How they disagree constrains why they disagree, and that constraint is the next hypothesis. Trajectories carry evidence about the mechanism of disagreement; booleans don’t.
Fixed point
The graph converges when every frontier edge points to a node already tested and stably classified — no new questions. Mathematicians call this a fixed point (where f(x) = x, the map returns what you gave it); computer scientists call it a fixpoint (where a computation stabilizes and halts). Same idea from two angles: the system has nothing left to say.
If every reachable node is visited, classifications are consistent, and composed e-values preserve the regime’s signature, the sequence converges to the true map — anytime validity lets you check at every node without inflating error.
I don’t have a theorem — I’m just showing you that good diagnosticians converge. The pieces exist: Chernoff proved adaptive experiment selection converges, He & Geng proved adaptive interventions recover causal structure, Grünwald proved e-values compose across adaptive experiments. No published theorem connects them. One would formalize what practitioners already do.
An observation
Suppose the algorithm for revealing follow-up hypotheses doesn’t exist. The absence of structure must mean that hypotheses are randomly generated, and their order, arbitrary. But we observe that the knowledge graph of science does expand, and our attention drives connections from one experiment to another. It’s proof that the algorithm for coming up with new hypotheses from experiments must exist.
Popper was right that there’s no logical method of having new ideas from nothing. But they don’t come from nothing; they come from the shape of the last experiment. The failure mode of the current test points to the next hypothesis. Science on trial described the protocol that protects this loop: prereg, red-team, work log, publish all.
For any system you can perturb, the hypothesis graph decomposes it. Each perturbation produces a node, whose classification generates edges that point to the next perturbations. The graph expands until it covers the system’s structure, or until there’s a boundary you can’t perturb past.

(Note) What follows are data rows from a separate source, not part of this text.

text \<open>A dangerous set containing ends on both sides is uncrossed with the complements
  of X and Y when it misses a f, and otherwise overlaps X or Y in two ends.\<close>
lemma cross_pair_not_blocked:
  assumes h: "h \<in> I" "a h \<in> X" "a h \<notin> Y" and h': "h' \<in> I" "a h' \<in> Y" "a h' \<notin> X"
  shows "\<not> blocked h h'"
proof
  assume "blocked h h'"
  then obtain Z where Z: "dangerous Z" "a h \<in> Z" "a h' \<in> Z" by (auto simp: blocked_def)
  have Z_subset: "Z \<subseteq> V" using Z(1) by (simp add: dangerous_def separating_def)
  have ends_hh': "a h \<in> A" "a h' \<in> A" using h h' ends_in_A by auto
  note ends = ends_efg_in_A ends_hh' A_subset_V Z_subset e f g h h' Z
  consider "a f \<notin> Z" | "a f \<in> Z" "a g \<notin> Z" | "a f \<in> Z" "a e \<notin> Z" | "a e \<in> Z" "a g \<in> Z"
    by blast
  then show False
  proof cases
    case 1
    have "dangerous (Z \<union> (V - X))"
    proof (rule dangerous_Un[OF Z(1)])
      show "separating (Z \<inter> (V - X))" using ends by (intro separatingI[of _ "a h'" "a h"]) auto
      show "separating (Z \<union> (V - X))" using ends 1 by (intro separatingI[of _ "a g" "a f"]) auto
    qed (use card_sides_and_complement_cuts(3) in auto)
    then have "dangerous (Z \<union> (V - X) \<union> (V - Y))"
    proof (rule dangerous_Un)
      show "separating ((Z \<union> (V - X)) \<inter> (V - Y))"
        using ends by (intro separatingI[of _ "a h" "a g"]) auto
      show "separating (Z \<union> (V - X) \<union> (V - Y))"
        using ends 1 by (intro separatingI[of _ "a e" "a f"]) auto
    qed (use card_sides_and_complement_cuts(4) in auto)
    moreover have "a e \<in> Z \<union> (V - X) \<union> (V - Y)" "a g \<in> Z \<union> (V - X) \<union> (V - Y)" using ends by auto
    ultimately show False using not_blocked blockedI by blast
  next
    case 2
    have "separating (Z - Y)" using ends 2 by (intro separatingI[of _ "a h" "a f"]) auto
    moreover have "separating (Y - Z)"
      using Y_subset ends 2 by (intro separatingI[of _ "a g" "a f"]) auto
    moreover have "a f \<in> Z \<inter> Y" "a h' \<in> Z \<inter> Y" using ends 2 by auto
    ultimately have "h' = f"
      using dangerous_crossing_cut_sizes(5)[OF Z(1) dangerous_Y _ _ f(1)] h'(1) by blast
    then show False using h' f by simp
  next
    case 3
    have "separating (Z - X)" using ends 3 by (intro separatingI[of _ "a h'" "a f"]) auto
    moreover have "separating (X - Z)"
      using X_subset ends 3 by (intro separatingI[of _ "a e" "a f"]) auto
    moreover have "a f \<in> Z \<inter> X" "a h \<in> Z \<inter> X" using ends 3 by auto
    ultimately have "h = f"
      using dangerous_crossing_cut_sizes(5)[OF Z(1) dangerous_X _ _ f(1)] h(1) by blast
    then show False using h f by simp
  next
    case 4
    then show False using not_blocked blockedI Z(1) by blast
  qed
qed

lemma lifting_graph_bipartite:
  assumes adj: "\<And>u v. u \<in> I \<Longrightarrow> v \<in> I \<Longrightarrow> adj u v \<longleftrightarrow> u \<noteq> v \<and> \<not> blocked u v"
  shows "isolated_plus_balanced_bipartite I adj"
  unfolding isolated_plus_balanced_bipartite_def
proof (intro exI conjI)
  let ?P = "{h \<in> I. a h \<in> X - Y}" and ?Q = "{h \<in> I. a h \<in> Y - X}"
  show "I - {f} = ?P \<union> ?Q" by (subst (1) I_split) (use f in auto)
  show "card ?P = card ?Q" by (rule card_sides_and_complement_cuts(1))
  show "\<forall>u\<in>I. \<forall>v\<in>I. adj u v \<longleftrightarrow> (u \<in> ?P \<and> v \<in> ?Q \<or> u \<in> ?Q \<and> v \<in> ?P)"
  proof (intro ballI iffI)
    fix u v assume uv: "u \<in> I" "v \<in> I"
    {
      assume "adj u v"
      then have "\<not> blocked u v" using adj[OF uv] by blast
      then show "u \<in> ?P \<and> v \<in> ?Q \<or> u \<in> ?Q \<and> v \<in> ?P"
        using uv A_subset_Un ends_in_A blockedI[OF dangerous_X, of u v] blockedI[OF dangerous_Y, of u v]
        by blast
    next
      assume "u \<in> ?P \<and> v \<in> ?Q \<or> u \<in> ?Q \<and> v \<in> ?P"
      then show "adj u v" using adj[OF uv] cross_pair_not_blocked blocked_sym by auto
    }
  qed
qed (use f in auto)

end

end

context lifting_cut_structure
begin

theorem lifting_graph_cases:
  assumes adj: "\<And>u v. u \<in> I \<Longrightarrow> v \<in> I \<Longrightarrow> adj u v \<longleftrightarrow> u \<noteq> v \<and> \<not> blocked u v"
  shows "complete_multipartite I adj \<or> (isolated_plus_balanced_bipartite I adj \<and> odd (card I))"
proof (cases "\<forall>e\<in>I. \<forall>f\<in>I. \<forall>g\<in>I. blocked e f \<longrightarrow> blocked f g \<longrightarrow> e \<noteq> g \<longrightarrow> blocked e g")
  case True
  define R where "R = {(u, v). u \<in> I \<and> v \<in> I \<and> (u = v \<or> blocked u v)}"
  have "equiv I R"
  proof (rule equivI)
    show "R \<subseteq> I \<times> I" "refl_on I R" by (auto simp: R_def refl_on_def)
    show "sym R" by (auto simp: R_def sym_def dest: blocked_sym)
    show "trans R" unfolding R_def trans_def using True by blast
  qed
  then have "complete_multipartite I adj"
    by (rule complete_multipartite_quotient) (auto simp: R_def adj)
  then show ?thesis ..
next
  case False
  then obtain e f g where efg: "e \<in> I" "f \<in> I" "g \<in> I" "blocked e f" "blocked f g" "\<not> blocked e g"
    by blast
  obtain X where X: "dangerous X" "a e \<in> X" "a f \<in> X" using efg(4) by (auto simp: blocked_def)
  obtain Y where Y: "dangerous Y" "a f \<in> Y" "a g \<in> Y" using efg(5) by (auto simp: blocked_def)
  have "a g \<notin> X" "a e \<notin> Y" using X Y efg(6) blockedI by blast+
  note config = X(1) Y(1) efg(1) X(2) \<open>a e \<notin> Y\<close> efg(2) X(3) Y(2) efg(3) Y(3) \<open>a g \<notin> X\<close> efg(6)
  have "isolated_plus_balanced_bipartite I adj" by (rule lifting_graph_bipartite[OF config adj])
  moreover have "odd (card I)" using card_sides_and_complement_cuts(2)[OF config] by simp
  ultimately show ?thesis by blast
qed

end

locale graph_lifting =
  fixes G :: "('v, 'e) mgraph" and A :: "'v set" and k :: nat and s :: 'v
  assumes multigraph: "multigraph G"
    and A_subset: "A \<subseteq> verts G - {s}"
    and connectivity: "\<And>x y. x \<in> A \<Longrightarrow> y \<in> A \<Longrightarrow> x \<noteq> y \<Longrightarrow> 2 * k \<le> lam G x y"
    and edges_meet_A: "\<And>e. e \<in> edges G \<Longrightarrow> fst (ends G e) \<in> A \<or> snd (ends G e) \<in> A"

sublocale graph_lifting \<subseteq> lifting_cut_structure "verts G - {s}" A k "cut_size G"
  "incident_edges G s" "other_end G s"
proof unfold_locales
  show "finite (incident_edges G s)"
    using multigraph_finite(2)[OF multigraph] by (simp add: incident_edges_def)
  show "other_end G s h \<in> A" if "h \<in> incident_edges G s" for h
    using that edges_meet_A[of h] A_subset by (auto simp: incident_edges_def other_end_def)
  show "A \<subseteq> verts G - {s}" by (fact A_subset)
  show "2 * k \<le> cut_size G X" if sep: "X \<inter> A \<noteq> {}" "\<not> A \<subseteq> X" for X
  proof -
    obtain p q where "p \<in> X" "p \<in> A" "q \<in> A" "q \<notin> X" using sep by blast
    then show ?thesis using connectivity[of p q] lam_le_cut_size[OF multigraph] by fastforce
  qed
  show "cut_size G (X \<inter> Y) + cut_size G (X \<union> Y) \<le> cut_size G X + cut_size G Y" for X Y
    using cut_size_submodular multigraph_finite(2)[OF multigraph] by blast
  show "even (cut_size G X + cut_size G Y + cut_size G (X \<union> Y))" if "X \<inter> Y = {}" for X Y
    using even_cut_size_disjoint multigraph_finite(2)[OF multigraph] that by blast
  show "cut_size G (X - Y) + cut_size G (Y - X)
      + 2 * card {h \<in> incident_edges G s. other_end G s h \<in> X \<inter> Y} \<le> cut_size G X + cut_size G Y"
    if "X \<subseteq> verts G - {s}" "Y \<subseteq> verts G - {s}" for X Y
    using that by (intro cut_size_posimodular[OF multigraph]) auto
  show "cut_size G (verts G - {s} - X) + 2 * card {h \<in> incident_edges G s. other_end G s h \<in> X}
      = cut_size G X + card (incident_edges G s)" if "X \<subseteq> verts G - {s}" for X
    using cut_size_complement[OF multigraph, of s X] that by (auto simp: degree_def)
qed

context graph_lifting
begin

lemma cut_size_lift_ge:
  assumes uv: "u \<in> incident_edges G s" "v \<in> incident_edges G s" "u \<noteq> v" "\<not> blocked u v"
    and Y: "separating Y"
  shows "2 * k \<le> cut_size (lift G s u v) Y"
proof -
  have "s \<notin> Y" using Y by (auto simp: separating_def)
  note lift = cut_size_lift[OF multigraph uv(1-3) this]
  show ?thesis
  proof (cases "other_end G s u \<in> Y \<and> other_end G s v \<in> Y")
    case True
    then have "\<not> dangerous Y" using uv(4) blockedI by blast
    then show ?thesis using lift True Y by (simp add: dangerous_def)
  next
    case False
    then show ?thesis
      using lift separating_cut_size[OF Y] by (cases "other_end G s u \<in> Y") simp_all
  qed
qed

lemma admissible_iff_not_blocked:
  assumes u: "u \<in> incident_edges G s" and v: "v \<in> incident_edges G s"
  shows "admissible G s (tau A k) u v \<longleftrightarrow> u \<noteq> v \<and> \<not> blocked u v"
proof
  assume adm: "admissible G s (tau A k) u v"
  then have "u \<noteq> v" by (simp add: admissible_def)
  moreover have "\<not> blocked u v"
  proof
    assume "blocked u v"
    then obtain X where X: "dangerous X" "other_end G s u \<in> X" "other_end G s v \<in> X"
      by (auto simp: blocked_def)
    then obtain p q where pq: "p \<in> X" "p \<in> A" "q \<in> A" "q \<notin> X"
      by (auto simp: dangerous_def separating_def)
    have "s \<notin> X" using X(1) by (auto simp: dangerous_def separating_def)
    have "p \<in> verts G - {s}" "q \<in> verts G - {s}" "p \<noteq> q" using pq A_subset by auto
    then have "tau A k p q \<le> lam (lift G s u v) p q"
      using adm unfolding admissible_def by blast
    also have "\<dots> \<le> cut_size (lift G s u v) X"
      using lam_le_cut_size[OF multigraph_lift[OF multigraph u v]] pq by blast
    finally have "2 * k \<le> cut_size (lift G s u v) X" using pq by (simp add: tau_def)
    moreover have "cut_size (lift G s u v) X + 2 = cut_size G X"
      using cut_size_lift[OF multigraph u v \<open>u \<noteq> v\<close> \<open>s \<notin> X\<close>] X by simp
    ultimately show False using X(1) by (simp add: dangerous_def)
  qed
  ultimately show "u \<noteq> v \<and> \<not> blocked u v" ..
next
  assume uv: "u \<noteq> v \<and> \<not> blocked u v"
  have "tau A k x y \<le> lam (lift G s u v) x y"
    if "x \<in> verts G - {s}" "y \<in> verts G - {s}" "x \<noteq> y" for x y
  proof (cases "x \<in> A \<and> y \<in> A")
    case True
    have "2 * k \<le> lam (lift G s u v) x y"
    proof (rule le_lam_if_cuts_avoiding[OF multigraph_lift[OF multigraph u v]])
      fix Z assume "Z \<subseteq> verts (lift G s u v) - {s}" "(x \<in> Z) \<noteq> (y \<in> Z)"
      then have "separating Z" using True by (auto simp: separating_def)
      then show "2 * k \<le> cut_size (lift G s u v) Z" using cut_size_lift_ge u v uv by blast
    qed (use that in auto)
    then show ?thesis using True by (simp add: tau_def)
  next
    case False
    then show ?thesis by (auto simp: tau_def)
  qed
  then show "admissible G s (tau A k) u v" using u v uv by (simp add: admissible_def)
qed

The classification is limited to where you have:
- perturbation access (can’t poke what you can’t reach)
- independence between streams (correlated sensors weaken composition)

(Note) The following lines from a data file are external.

definition isotyped :: "('f \<Rightarrow> nat) \<Rightarrow> ('f, 'a) alg \<Rightarrow> ('f, 'b) alg \<Rightarrow> bool" where
  "isotyped ar A B \<longleftrightarrow> (\<forall>X. finite X \<longrightarrow> xtypes ar X A = xtypes ar X B)"

end

theory Submission
  imports Defs
begin

text \<open>Let \<open>\<mu>\<close> be a point of \<open>H\<close> on finitely many variables \<open>X\<close> whose image is all of \<open>H\<close>,
  and let \<open>\<nu>\<close> be a point of \<open>G\<close> of the same type.  Equality of types gives equality of kernels,
  so \<open>\<mu>\<close> and \<open>\<nu>\<close> have isomorphic images, and it remains to see that \<open>\<nu>\<close> is onto \<open>G\<close>.
  For \<open>g \<in> G\<close>, adjoin a fresh variable \<open>n\<close> sent to \<open>g\<close>; the type of this point is realised by
  a point \<open>\<mu>''\<close> of \<open>H\<close>.  On \<open>X\<close>, \<open>\<mu>''\<close> has the kernel of \<open>\<mu>\<close>, so its image there is a
  subalgebra of \<open>H\<close> isomorphic to \<open>H\<close>, hence all of \<open>H\<close>.  Thus \<open>\<mu>'' n = \<mu>'' t\<close> for a term \<open>t\<close>
  over \<open>X\<close>; this equation belongs to the common type, so \<open>g = \<nu> t\<close>.\<close>

definition point_image :: "('f \<Rightarrow> nat) \<Rightarrow> ('f, 'a) alg \<Rightarrow> nat set \<Rightarrow> (nat \<Rightarrow> 'a) \<Rightarrow> 'a set" where
  "point_image ar A X \<mu> = {eval A \<mu> t |t. wf_term ar X t}"

definition point_kernel ::
    "('f \<Rightarrow> nat) \<Rightarrow> ('f, 'a) alg \<Rightarrow> nat set \<Rightarrow> (nat \<Rightarrow> 'a) \<Rightarrow> ('f trm \<times> 'f trm) set" where
  "point_kernel ar A X \<mu> =
     {(t, t'). wf_term ar X t \<and> wf_term ar X t' \<and> eval A \<mu> t = eval A \<mu> t'}"

lemma wf_term_mono: "wf_term ar X t \<Longrightarrow> X \<subseteq> Y \<Longrightarrow> wf_term ar Y t"
  by (induction ar X t rule: wf_term.induct) (auto simp: list_all_iff)

lemma eval_cong: "wf_term ar X t \<Longrightarrow> \<forall>v\<in>X. \<mu> v = \<mu>' v \<Longrightarrow> eval A \<mu> t = eval A \<mu>' t"
proof (induction ar X t rule: wf_term.induct)
  case (2 ar X f ts)
  then have "map (eval A \<mu>) ts = map (eval A \<mu>') ts"
    by (intro map_cong) (auto simp: list_all_iff)
  then show ?case by (simp only: eval.simps(2))
qed auto

lemma eval_in_carrier:
  "is_alg ar A \<Longrightarrow> wf_term ar X t \<Longrightarrow> \<forall>v\<in>X. \<mu> v \<in> acarrier A \<Longrightarrow> eval A \<mu> t \<in> acarrier A"
proof (induction ar X t rule: wf_term.induct)
  case (2 ar X f ts)
  then have "set (map (eval A \<mu>) ts) \<subseteq> acarrier A" by (auto simp: list_all_iff)
  with 2 show ?case unfolding is_alg_def by (simp add: list_all_iff)
qed auto

lemma point_imageI: "wf_term ar X t \<Longrightarrow> eval A \<mu> t \<in> point_image ar A X \<mu>"
  unfolding point_image_def by blast

lemma point_imageE:
  assumes "a \<in> point_image ar A X \<mu>"
  obtains t where "wf_term ar X t" "eval A \<mu> t = a"
  using assms unfolding point_image_def by blast

lemma point_image_cong:
  assumes "\<forall>v\<in>X. \<mu> v = \<mu>' v"
  shows "point_image ar A X \<mu> = point_image ar A X \<mu>'"
proof -
  have "eval A \<mu> t = eval A \<mu>' t" if "wf_term ar X t" for t
    using eval_cong[OF that assms] .
  then show ?thesis unfolding point_image_def by (metis (no_types, lifting))
qed

lemma point_image_lists:
  assumes "set as \<subseteq> point_image ar A X \<mu>"
  obtains ts where "list_all (wf_term ar X) ts" "map (eval A \<mu>) ts = as"
  using assms
proof (induction as arbitrary: thesis)
  case Nil
  then show ?case by simp
next
  case (Cons a as)
  then obtain t where "wf_term ar X t" "eval A \<mu> t = a" by (auto elim: point_imageE)
  moreover obtain ts where "list_all (wf_term ar X) ts" "map (eval A \<mu>) ts = as"
    using Cons by auto
  ultimately show ?case using Cons.prems(1)[of "t # ts"] by simp
qed

lemma point_image_aops:
  assumes "length as = ar f" "set as \<subseteq> point_image ar A X \<mu>"
  shows "aops A f as \<in> point_image ar A X \<mu>"
proof -
  obtain ts where ts: "list_all (wf_term ar X) ts" "map (eval A \<mu>) ts = as"
    using point_image_lists[OF assms(2)] .
  then have "wf_term ar X (App f ts)" using assms(1) by (metis length_map wf_term.simps(2))
  then show ?thesis using point_imageI[of ar X "App f ts" A \<mu>] ts(2) by simp
qed

lemma subalg_point_image:
  assumes "is_alg ar A" "\<forall>v\<in>X. \<mu> v \<in> acarrier A"
  shows "subalg ar (point_image ar A X \<mu>) A"
proof -
  have "point_image ar A X \<mu> \<subseteq> acarrier A"
    using eval_in_carrier[OF assms(1) _ assms(2)] unfolding point_image_def by auto
  then show ?thesis unfolding subalg_def by (simp add: point_image_aops)
qed

lemma generated_subset_point_image: "generated ar A (\<mu> ` X) \<subseteq> point_image ar A X \<mu>"
proof
  fix x assume "x \<in> generated ar A (\<mu> ` X)"
  then show "x \<in> point_image ar A X \<mu>"
  proof (induction rule: generated.induct)
    case (gen_base x)
    then obtain v where "v \<in> X" "x = \<mu> v" by auto
    then show ?case using point_imageI[of ar X "Var v" A \<mu>] by simp
  next
    case (gen_op as f)
    then show ?case by (auto intro: point_image_aops)
  qed
qed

- identifiability (some systems look the same under all perturbations)
Within those limits, the algorithm converges. Outside them, it tells you where you’re stuck and why, which is itself an edge.
Engineered systems are the best case. You have perturbation access and partial design knowledge. Every unexpected state is a free perturbation, every test failure is a node, and every failure mode is an edge. The hypothesis graph is how engineered complexity becomes legible: one perturbation at a time, with the kill condition telling you where to cut next.
If the thought process can be encoded, it can be scaled and repeated. The hypothesis graph encodes it: perturb, classify the shape, follow the edge. An agent that runs this loop doesn’t need intuition; it needs perturbation access and a classifier.
If we can poke it, we know how to know.